Она почувствовала жар его рук, затянутых в белые перчатки, и инстинктивно отстранилась.
— Я не стану душить вас, миледи, — криво усмехнулся Грейшир, — я только пытаюсь оценить, как эта чертова штука будет лежать на шее. Распахните жакет и, будьте добры, постойте спокойно.
Ларк сделала, как он просил, и терпеливо ждала, когда он застегнет ожерелье у нее на шее. Платье впереди было открыто довольно низко, и горячая кровь прилила к ее щекам, когда его взгляд скользнул по ее декольте. Казалось, прошла вечность, прежде чем он снял ожерелье и вернул владельцу магазина.
— Я возьму оба, — сказал он. — И серьги с браслетом тоже.
Ларк сдержала вздох, но когда Грейшир попросил показать ему жемчуг и драгоценные камеи и решил взять и их, у нее перехватило дыхание. Граф потратил целое состояние.
Она тихонько прошла к дивану и села в ожидании. У нее сдавило сердце, и она не могла понять почему. Она никогда не была модницей и жадной до украшений. Она продала драгоценностей в десять раз больше, чем Грейшир только что купил, пытаясь расплатиться с долгами отца, и сделала это без сожаления. Нет, не драгоценности вызвали ревность. Ревность?! Да, именно так, признала она. Ларк не завидовала его покупкам. Ей не давало покоя то, как граф представил ее своей матери, словно она обычная судомойка — даже если она своим видом тогда на нее походила, — недостойная вытереть ноги леди Энн Катбертсон. Он обидел ее сейчас, использовав в качестве манекена, давая понять, что она больше никогда не будет достойной леди. Очевидно, в его глазах она всегда будет носить клеймо Маршалси. Почему это имеет для нее такое значение, Ларк понять не могла, но ей становилось все труднее справляться с эмоциями.
Выбрав напоследок золотую брошь, Кинг отдал хозяину магазина листок бумаги с инициалами, которые надо на ней выгравировать, забрал покупки и отправился с Ларк навстречу графине и Агнес. После роскошного обеда в «Королевском гербе» компания поехала в Грейшир-Мэнор.

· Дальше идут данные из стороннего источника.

lemma mpow_msmult: "mpow (msmult c A) n = msmult (c ^ n) (mpow A n)"
  by (induction n) (simp_all add: msmult_one msmult_matrix_mult msmult_msmult mult.commute)

lemma mpow_mat2_rank_one:
  "mpow (mat2 x x y y) (Suc n) = msmult ((x + y) ^ n) (mat2 x x y y)"
proof (induction n)
  case 0
  then show ?case by (simp add: msmult_one mat2_mult[symmetric] matrix_mul_rid)
next
  case (Suc n)
  have square: "mat2 x x y y ** mat2 x x y y = msmult (x + y) (mat2 x x y y)"
    unfolding mat2_mult by (simp add: mat2_def vec_eq_iff forall_2 algebra_simps)
  have "mpow (mat2 x x y y) (Suc (Suc n)) = msmult ((x + y) ^ n) (mat2 x x y y ** mat2 x x y y)"
    using Suc by (simp only: mpow.simps msmult_matrix_mult_right)
  then show ?case by (simp add: square msmult_msmult mult.commute)
qed

definition Phi_reg :: "real \<Rightarrow> complex \<Rightarrow> complex^2^2" where
  "Phi_reg \<epsilon> z = phi1 \<epsilon> z ** phi1 \<epsilon> z ** phi3 z ** phi3 z"

definition phiN_reg :: "real \<Rightarrow> real \<Rightarrow> nat \<Rightarrow> complex \<Rightarrow> complex^2^2" where
  "phiN_reg \<alpha> \<beta> N z = mpow (Phi_reg \<alpha> z) (N div 2) ** mpow (Phi_reg \<beta> z) (N div 2)"

lemma Phi_eq_msmult_Phi_reg: "Phi \<epsilon> z = msmult ((1 / (1 - inverse z))\<^sup>2) (Phi_reg \<epsilon> z)"
  unfolding Phi_def phi2_def phi4_def Phi_reg_def
  by (simp add: msmult_matrix_mult msmult_msmult power2_eq_square)

lemma phiN_eq_msmult_phiN_reg:
  "phiN \<alpha> \<beta> N z = msmult (inverse ((1 - inverse z) ^ (4 * (N div 2)))) (phiN_reg \<alpha> \<beta> N z)"
  unfolding phiN_def phiN_reg_def Phi_eq_msmult_Phi_reg mpow_msmult
  by (simp add: msmult_matrix_mult msmult_msmult power_mult[symmetric] power_add[symmetric]
      mult_2[symmetric] power_one_over inverse_eq_divide)

lemma Phi_reg_at_1:
  assumes "\<epsilon> \<noteq> 0"
  shows "Phi_reg \<epsilon> 1 = mat2 (of_real (4 + 4 * \<epsilon>\<^sup>2)) (of_real (4 + 4 * \<epsilon>\<^sup>2))
                               (of_real (4 + 4 / \<epsilon>\<^sup>2)) (of_real (4 + 4 / \<epsilon>\<^sup>2))"
  unfolding Phi_reg_def phi1_def phi3_def mat2_mult
  using assms by (simp add: mat2_def vec_eq_iff forall_2 field_simps eval_nat_numeral)

lemma trace_mpow_mat2_rank_one_mult:
  "trace (mpow (mat2 x x y y) (Suc n) ** mpow (mat2 u u v v) (Suc n)) = ((x + y) * (u + v)) ^ Suc n"
proof -
  have "trace (mpow (mat2 x x y y) (Suc n) ** mpow (mat2 u u v v) (Suc n))
          = (x + y) ^ n * (u + v) ^ n * ((x + y) * (u + v))"
    unfolding mpow_mat2_rank_one msmult_matrix_mult msmult_msmult trace_msmult mat2_mult trace_mat2
    by (simp add: algebra_simps)
  then show ?thesis by (simp add: power_mult_distrib)
qed

lemma trace_phiN_reg_at_1_nonzero:
  assumes "\<alpha> \<noteq> 0" "\<beta> \<noteq> 0"
  shows "trace (phiN_reg \<alpha> \<beta> N 1) \<noteq> 0"
proof (cases "N div 2")
  case 0
  then show ?thesis by (simp add: phiN_reg_def matrix_mul_lid) (simp add: trace_def mat_def sum_2)
next
  case (Suc n)
  define s where "s \<epsilon> = (4 + 4 * \<epsilon>\<^sup>2) + (4 + 4 / \<epsilon>\<^sup>2)" for \<epsilon> :: real
  have "s \<epsilon> > 0" for \<epsilon>
    unfolding s_def by (simp add: add_pos_nonneg)
  moreover have "trace (phiN_reg \<alpha> \<beta> N 1) = of_real ((s \<alpha> * s \<beta>) ^ Suc n)"
    unfolding phiN_reg_def Suc Phi_reg_at_1[OF assms(1)] Phi_reg_at_1[OF assms(2)]
      trace_mpow_mat2_rank_one_mult s_def
    by simp
  ultimately show ?thesis
    by (metis mult_pos_pos of_real_eq_0_iff zero_less_power less_irrefl)
qed

definition mat_analytic_at :: "(complex \<Rightarrow> complex^'n^'m) \<Rightarrow> complex \<Rightarrow> bool" where
  "mat_analytic_at A z\<^sub>0 \<longleftrightarrow> (\<forall>i j. (\<lambda>z. A z $ i $ j) analytic_on {z\<^sub>0})"

lemma mat_analytic_at_const: "mat_analytic_at (\<lambda>z. A) z\<^sub>0"
  unfolding mat_analytic_at_def by simp

lemma mat_analytic_at_mult:
  "mat_analytic_at A z\<^sub>0 \<Longrightarrow> mat_analytic_at B z\<^sub>0 \<Longrightarrow> mat_analytic_at (\<lambda>z. A z ** B z) z\<^sub>0"
  unfolding mat_analytic_at_def matrix_matrix_mult_def
  by (auto intro!: analytic_on_sum analytic_on_mult)

lemma mat_analytic_at_mpow: "mat_analytic_at A z\<^sub>0 \<Longrightarrow> mat_analytic_at (\<lambda>z. mpow (A z) n) z\<^sub>0"
  by (induction n) (simp_all add: mat_analytic_at_const mat_analytic_at_mult)

lemma mat_analytic_at_mat2:
  assumes "a analytic_on {z\<^sub>0}" "b analytic_on {z\<^sub>0}" "c analytic_on {z\<^sub>0}" "d analytic_on {z\<^sub>0}"
  shows "mat_analytic_at (\<lambda>z. mat2 (a z) (b z) (c z) (d z)) z\<^sub>0"
  unfolding mat_analytic_at_def mat2_def
proof (intro allI)
  fix i j :: 2
  show "(\<lambda>z. (\<chi> i j. if i = 1 then if j = 1 then a z else b z else if j = 1 then c z else d z) $ i $ j)
          analytic_on {z\<^sub>0}"
    using assms by (cases "i = 1"; cases "j = 1") simp_all
qed

lemma mat_analytic_at_phiN_reg:
  assumes "z\<^sub>0 \<noteq> 0"
  shows "mat_analytic_at (phiN_reg \<alpha> \<beta> N) z\<^sub>0"
proof -
  have inverse_analytic: "(\<lambda>z. inverse z) analytic_on {z\<^sub>0}"
    using assms by (intro analytic_on_inverse) auto
  have "mat_analytic_at (phi1 \<epsilon>) z\<^sub>0" for \<epsilon>
    unfolding phi1_def by (intro mat_analytic_at_mat2) (auto intro!: analytic_on_mult inverse_analytic)
  moreover have "mat_analytic_at phi3 z\<^sub>0"
    unfolding phi3_def by (intro mat_analytic_at_mat2) (auto intro!: inverse_analytic)
  ultimately have "mat_analytic_at (Phi_reg \<epsilon>) z\<^sub>0" for \<epsilon>
    unfolding Phi_reg_def by (intro mat_analytic_at_mult)
  then show ?thesis
    unfolding phiN_reg_def by (intro mat_analytic_at_mult mat_analytic_at_mpow)
qed

lemma analytic_on_trace:
  "mat_analytic_at A z\<^sub>0 \<Longrightarrow> (\<lambda>z. trace (A z)) analytic_on {z\<^sub>0}"
  unfolding mat_analytic_at_def trace_def by (intro analytic_on_sum) auto

definition proj_formula :: "complex^2^2 \<Rightarrow> complex \<Rightarrow> complex^2^2" where
  "proj_formula A s = msmult (inverse s) (A - msmult ((trace A - s) / 2) (mat 1))"

lemma spectral_projection_eq_proj_formula:
  assumes "A = msmult ((trace A + s) / 2) F1 + msmult ((trace A - s) / 2) F2"
    and "F1 + F2 = mat 1" and "s \<noteq> 0"
  shows "F1 = proj_formula A s"
proof -
  have "A - msmult ((trace A - s) / 2) (mat 1) = msmult s F1"
    by (subst (1) assms(1), subst assms(2)[symmetric]) (simp add: vec_eq_iff field_simps)
  then show ?thesis
    using assms(3) by (simp add: proj_formula_def msmult_msmult msmult_one)
qed

lemma proj_formula_msmult:
  assumes "h \<noteq> 0"
  shows "proj_formula (msmult h A) (h * s) = proj_formula A s"
  using assms by (cases "s = 0") (simp_all add: proj_formula_def trace_msmult vec_eq_iff field_simps)

lemma sq4_mult: "sq4 (h * t) = h * (t * csqrt (1 - 4 * (inverse h)\<^sup>2 / t\<^sup>2))"
  unfolding sq4_def by (simp add: field_simps power_mult_distrib power_inverse)

lemma mat_analytic_at_proj_formula:
  assumes "mat_analytic_at A z\<^sub>0" "s analytic_on {z\<^sub>0}" "s z\<^sub>0 \<noteq> 0"
  shows "mat_analytic_at (\<lambda>z. proj_formula (A z) (s z)) z\<^sub>0"
  using assms analytic_on_trace[OF assms(1)] unfolding mat_analytic_at_def proj_formula_def
  by (auto intro!: analytic_on_mult analytic_on_inverse analytic_on_diff analytic_on_divide)

text \<open>\<open>eigengap_reg\<close> is \<open>r\<^sub>1 - r\<^sub>2 = \<surd>(t\<^sup>2-4)\<close> with the pole factor \<open>(1 - 1/z)\<^sup>-\<^sup>k\<close> of \<open>\<phi>\<^sub>N\<close> removed.\<close>

definition eigengap_reg :: "real \<Rightarrow> real \<Rightarrow> nat \<Rightarrow> complex \<Rightarrow> complex" where
  "eigengap_reg \<alpha> \<beta> N z = trace (phiN_reg \<alpha> \<beta> N z)
     * csqrt (1 - 4 * ((1 - inverse z) ^ (4 * (N div 2)))\<^sup>2 / (trace (phiN_reg \<alpha> \<beta> N z))\<^sup>2)"

lemma sq4_tN_eq_eigengap_reg:
  "sq4 (tN \<alpha> \<beta> N z) = inverse ((1 - inverse z) ^ (4 * (N div 2))) * eigengap_reg \<alpha> \<beta> N z"
  unfolding tN_def phiN_eq_msmult_phiN_reg trace_msmult sq4_mult eigengap_reg_def by simp

lemma eigengap_reg_analytic_at_1:
  assumes "\<alpha> \<noteq> 0" "\<beta> \<noteq> 0" "N \<ge> 2"
  shows "eigengap_reg \<alpha> \<beta> N analytic_on {1}" and "eigengap_reg \<alpha> \<beta> N 1 \<noteq> 0"
proof -
  define g where "g z = (1 - inverse z) ^ (4 * (N div 2))" for z :: complex
  define T where "T z = trace (phiN_reg \<alpha> \<beta> N z)" for z
  have T_1: "T 1 \<noteq> 0"
    unfolding T_def using assms(1,2) by (rule trace_phiN_reg_at_1_nonzero)
  have g_1: "g 1 = 0"
    unfolding g_def using assms(3) by simp
  have "g analytic_on {1}"
    unfolding g_def
    by (intro analytic_on_power analytic_on_diff analytic_on_const analytic_on_inverse analytic_on_ident)
      auto
  moreover have "T analytic_on {1}"
    unfolding T_def by (simp add: analytic_on_trace mat_analytic_at_phiN_reg)
  ultimately show "eigengap_reg \<alpha> \<beta> N analytic_on {1}"
    unfolding eigengap_reg_def g_def[symmetric] T_def[symmetric] using T_1 g_1
    by (auto intro!: analytic_on_mult analytic_on_csqrt' analytic_on_divide analytic_on_power
        analytic_on_diff)
  show "eigengap_reg \<alpha> \<beta> N 1 \<noteq> 0"
    unfolding eigengap_reg_def g_def[symmetric] T_def[symmetric] using T_1 g_1 by simp
qed

lemma spectral_projection_phiN_eq_proj_formula:
  assumes "z \<noteq> 0" "z \<noteq> 1" "eigengap_reg \<alpha> \<beta> N z \<noteq> 0"
    and "phiN \<alpha> \<beta> N z = msmult (r1N \<alpha> \<beta> N z) F1 + msmult (r2N \<alpha> \<beta> N z) F2"
    and "F1 + F2 = mat 1"
  shows "F1 = proj_formula (phiN_reg \<alpha> \<beta> N z) (eigengap_reg \<alpha> \<beta> N z)"
proof -
  define h where "h = inverse ((1 - inverse z) ^ (4 * (N div 2)))"
  have "h \<noteq> 0"
    unfolding h_def using assms(1,2) by (auto simp: right_minus_eq)
  have "sq4 (tN \<alpha> \<beta> N z) \<noteq> 0"
    using \<open>h \<noteq> 0\<close> assms(3) by (simp add: sq4_tN_eq_eigengap_reg h_def[symmetric])
  then have "F1 = proj_formula (phiN \<alpha> \<beta> N z) (sq4 (tN \<alpha> \<beta> N z))"
    using assms(4,5) unfolding r1N_def r2N_def tN_def by (intro spectral_projection_eq_proj_formula)
  also have "\<dots> = proj_formula (msmult h (phiN_reg \<alpha> \<beta> N z)) (h * eigengap_reg \<alpha> \<beta> N z)"
    unfolding phiN_eq_msmult_phiN_reg sq4_tN_eq_eigengap_reg h_def ..
  finally show ?thesis
    using \<open>h \<noteq> 0\<close> by (simp add: proj_formula_msmult)
qed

В карете все уселись по-прежнему, к неудовольствию Ларк — из-за собственной скандальной реакции на близость Кинга. Кинг. Она не порадует графа, назвав так, но почему не может перестать произносить это имя мысленно? Горячая кровь застучала в висках. Слава Богу, что в Корнуолле темнеет рано. Сумерки скрыли ее пунцовые щеки от любопытных взглядов. Всю дорогу Грейшир почти не сводил с нее глаз. Отважившись искоса взглянуть на него, Ларк всякий раз видела довольное лицо. Казалось, больше никто ничего не замечал. Леди Изобел вскоре задремала, Агнес, которая с трудом сдерживала восторг от щедрости графини, наконец успокоилась.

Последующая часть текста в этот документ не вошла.